The Four Funniest Bits from the New Roger Ailes Bio

•  The first time he visited his son’s school, he discovered that they only had what they called a friendship tree. “'What the hell’s a friendship tree he asked the headmaster, who replied, ‘Oh we can’t say the words Merry Christmas.' Before leaving the building, Ailes grabbed a crayon and scrawled ‘Merry Christmas’ on the wall. “You’re frickin’ five years old,” his wife, Elizabeth, reproached him. “Oh, screw ‘em,” Ailes said."

•  In 2007, [Sean] Hannity and [Alan] Colmes’s relationship continued to unravel. "‘There were times he’d freeze Alan out and be curt with him,’ said a former senior producer at Fox. ‘Sean became less close-mouthed about his feelings about Alan.
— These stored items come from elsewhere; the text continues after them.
lemma measure_pair_le_of_invariant_sections:
  fixes h :: "'g \<Rightarrow> 'a \<Rightarrow> 'a"
  assumes "prob_space \<mu>" "prob_space \<nu>" "finite G" "G \<noteq> {}" "c \<ge> 0"
    and h: "\<And>g. g \<in> G \<Longrightarrow> h g \<in> measurable \<mu> \<mu>"
    and invariant: "\<And>g. g \<in> G \<Longrightarrow> distr \<mu> \<mu> (h g) = \<mu>"
    and bound: "\<And>x. x \<in> space \<mu> \<Longrightarrow>
                  (\<Sum>g\<in>G. emeasure \<nu> (Pair (h g x) -` S)) \<le> of_nat (card G) * ennreal c"
  shows "measure (\<mu> \<Otimes>\<^sub>M \<nu>) S \<le> c"
proof (cases "S \<in> sets (\<mu> \<Otimes>\<^sub>M \<nu>)")
  case True
  interpret \<mu>: prob_space \<mu> by fact
  interpret \<nu>: prob_space \<nu> by fact
  interpret \<mu>\<nu>: pair_prob_space \<mu> \<nu> ..
  have "emeasure (\<mu> \<Otimes>\<^sub>M \<nu>) S = \<integral>\<^sup>+x. emeasure \<nu> (Pair x -` S) \<partial>\<mu>"
    by (rule \<nu>.emeasure_pair_measure_alt[OF True])
  also have "\<dots> \<le> c"
    using assms \<nu>.measurable_emeasure_Pair[OF True] by (intro nn_integral_le_of_invariant_average)
  finally have "ennreal (measure (\<mu> \<Otimes>\<^sub>M \<nu>) S) \<le> ennreal c"
    by (simp only: \<mu>\<nu>.P.emeasure_eq_measure)
  then show ?thesis
    using \<open>c \<ge> 0\<close> by simp
qed (simp add: measure_notin_sets \<open>c \<ge> 0\<close>) \<comment> \<open>a non-measurable set has measure 0\<close>

lemma borel_measurable_matrix_vector_mult:
  "(*v) (A :: real^'n::finite^'m::finite) \<in> borel_measurable borel"
  by (intro borel_measurable_continuous_onI matrix_vector_mult_linear_continuous_on)

lemma distr_perm_mat_exchangeable:
  assumes "exchangeable M \<epsilon>" "\<epsilon> \<in> borel_measurable M" "P \<in> perm_mats"
  shows "distr (distr M borel \<epsilon>) (distr M borel \<epsilon>) ((*v) P) = distr M borel \<epsilon>"
proof -
  have "distr (distr M borel \<epsilon>) (distr M borel \<epsilon>) ((*v) P) = distr M borel ((*v) P \<circ> \<epsilon>)"
    using assms(2) borel_measurable_matrix_vector_mult
    by (subst distr_distr[symmetric]) (auto intro: distr_cong)
  then show ?thesis
    using assms(1,3) unfolding exchangeable_def comp_def by simp
qed

theorem theorem1:
  fixes M :: "'a measure"
    and \<epsilon> :: "'a \<Rightarrow> real^'n::finite"
    and X :: "real^'n" and Z :: "real^'p::finite^'n"
    and \<beta> :: real and \<theta> :: "real^'p"
    and Y :: "'a \<Rightarrow> real^'n"
    and T :: "real^'n^'n \<Rightarrow> real^'n^'n \<Rightarrow> real^'n \<Rightarrow> real^'p^'n \<Rightarrow> real^'n \<Rightarrow> real"
    and R :: "'n set" and B :: nat and \<alpha> :: real
  assumes "prob_space M"
    and "\<epsilon> \<in> borel_measurable M"
    and "exchangeable M \<epsilon>"
    and "\<forall>\<omega>. Y \<omega> = \<beta> *\<^sub>R X + Z *v \<theta> + \<epsilon> \<omega>"
    and "\<beta> = 0"
    and "\<forall>P Q. (\<lambda>e. T P Q X Z e) \<in> borel_measurable borel"
    and "\<forall>Pi\<in>perm_mats. \<forall>Pj\<in>perm_mats. \<forall>Ps\<in>perm_mats. \<forall>e.
           T Pi Pj X Z (Ps *v e) = T (matrix_inv Ps ** Pi) (matrix_inv Ps ** Pj) X Z e"
    and "\<alpha> > 0"
  shows "measure (distr M borel \<epsilon> \<Otimes>\<^sub>M (\<Pi>\<^sub>M i\<in>{1..B}. uniform_count_measure (perm_mats_fix R)))
           {z \<in> space (distr M borel \<epsilon> \<Otimes>\<^sub>M (\<Pi>\<^sub>M i\<in>{1..B}. uniform_count_measure (perm_mats_fix R))).
              pval (\<lambda>P Q. T P Q X Z (fst z)) B (snd z) \<le> \<alpha>} < 2 * \<alpha>"
proof -
  let ?G = "perm_mats_fix R"
  let ?\<mu> = "distr M borel \<epsilon>"
  let ?\<nu> = "\<Pi>\<^sub>M i\<in>{1..B}. uniform_count_measure ?G"
  let ?S = "{z \<in> space (?\<mu> \<Otimes>\<^sub>M ?\<nu>). pval (\<lambda>P Q. T P Q X Z (fst z)) B (snd z) \<le> \<alpha>}"
  define c where "c = max 0 (2 * (\<alpha> * (B + 1)) - 1) / (B + 1)"
  have G: "perm_subgroup ?G"
    by (rule perm_subgroup_perm_mats_fix)
  then have "finite ?G" "?G \<noteq> {}" "?G \<subseteq> perm_mats"
    using perm_subgroupD(1,2) unfolding perm_subgroup_def by auto
  have "measure (?\<mu> \<Otimes>\<^sub>M ?\<nu>) ?S \<le> c"
  proof (rule measure_pair_le_of_invariant_sections[where G = ?G and h = "(*v)"])
    fix e :: "real^'n"
    have transfer: "T A C X Z (Q *v e) = T (matrix_inv Q ** A) (matrix_inv Q ** C) X Z e"
      if "Q \<in> ?G" "A \<in> ?G" "C \<in> ?G" for Q A C
      using that \<open>?G \<subseteq> perm_mats\<close> assms(7) by blast
    have fibre: "Pair (Q *v e) -` ?S
        = {ps \<in> PiE {1..B} (\<lambda>_. ?G). pval (\<lambda>P Q'. T P Q' X Z (Q *v e)) B ps \<le> \<alpha>}" for Q
      by (auto simp: space_pair_measure space_PiM space_uniform_count_measure)
    show "(\<Sum>Q\<in>?G. emeasure ?\<nu> (Pair (Q *v e) -` ?S)) \<le> of_nat (card ?G) * ennreal c"
      unfolding fibre c_def
      by (rule sum_emeasure_pval_le[where t' = "\<lambda>Q P Q'. T P Q' X Z (Q *v e)", OF G transfer])
  next
    show "prob_space ?\<mu>"
      using assms(1,2) by (rule prob_space.prob_space_distr)
    show "prob_space ?\<nu>"
      using \<open>finite ?G\<close> \<open>?G \<noteq> {}\<close> by (intro prob_space_PiM prob_space_uniform_count_measure)
    show "(*v) Q \<in> measurable ?\<mu> ?\<mu>" for Q :: "real^'n^'n"
      by (simp add: borel_measurable_matrix_vector_mult)
    show "distr ?\<mu> ?\<mu> ((*v) Q) = ?\<mu>" if "Q \<in> ?G" for Q
      using that \<open>?G \<subseteq> perm_mats\<close> assms(2,3) by (auto intro: distr_perm_mat_exchangeable)
  qed (use \<open>finite ?G\<close> \<open>?G \<noteq> {}\<close> in \<open>simp_all add: c_def\<close>)
  also have "c < 2 * \<alpha>"
    using assms(8) by (simp add: c_def field_simps add_pos_nonneg)
  finally show ?thesis .
qed

end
They’d sit on the set right before the show and Sean would say, ‘What’s it going to be like when you’re gone?’"

•  Ailes, at a hotel, as told to Sherman: “'Damnit I’m hungry! Can’t we get some room service? We said, ‘Sure.’ Well, Roger grabs the room service menu. He was kind of agitated and said, ‘I want page three, I want page four, and I want page five and I want it now.'”

•  Ailes to his client, Senator Al D’Amato: “Jesus, nobody likes you. Your own mother wouldn’t vote for you. Do you even have a mother?"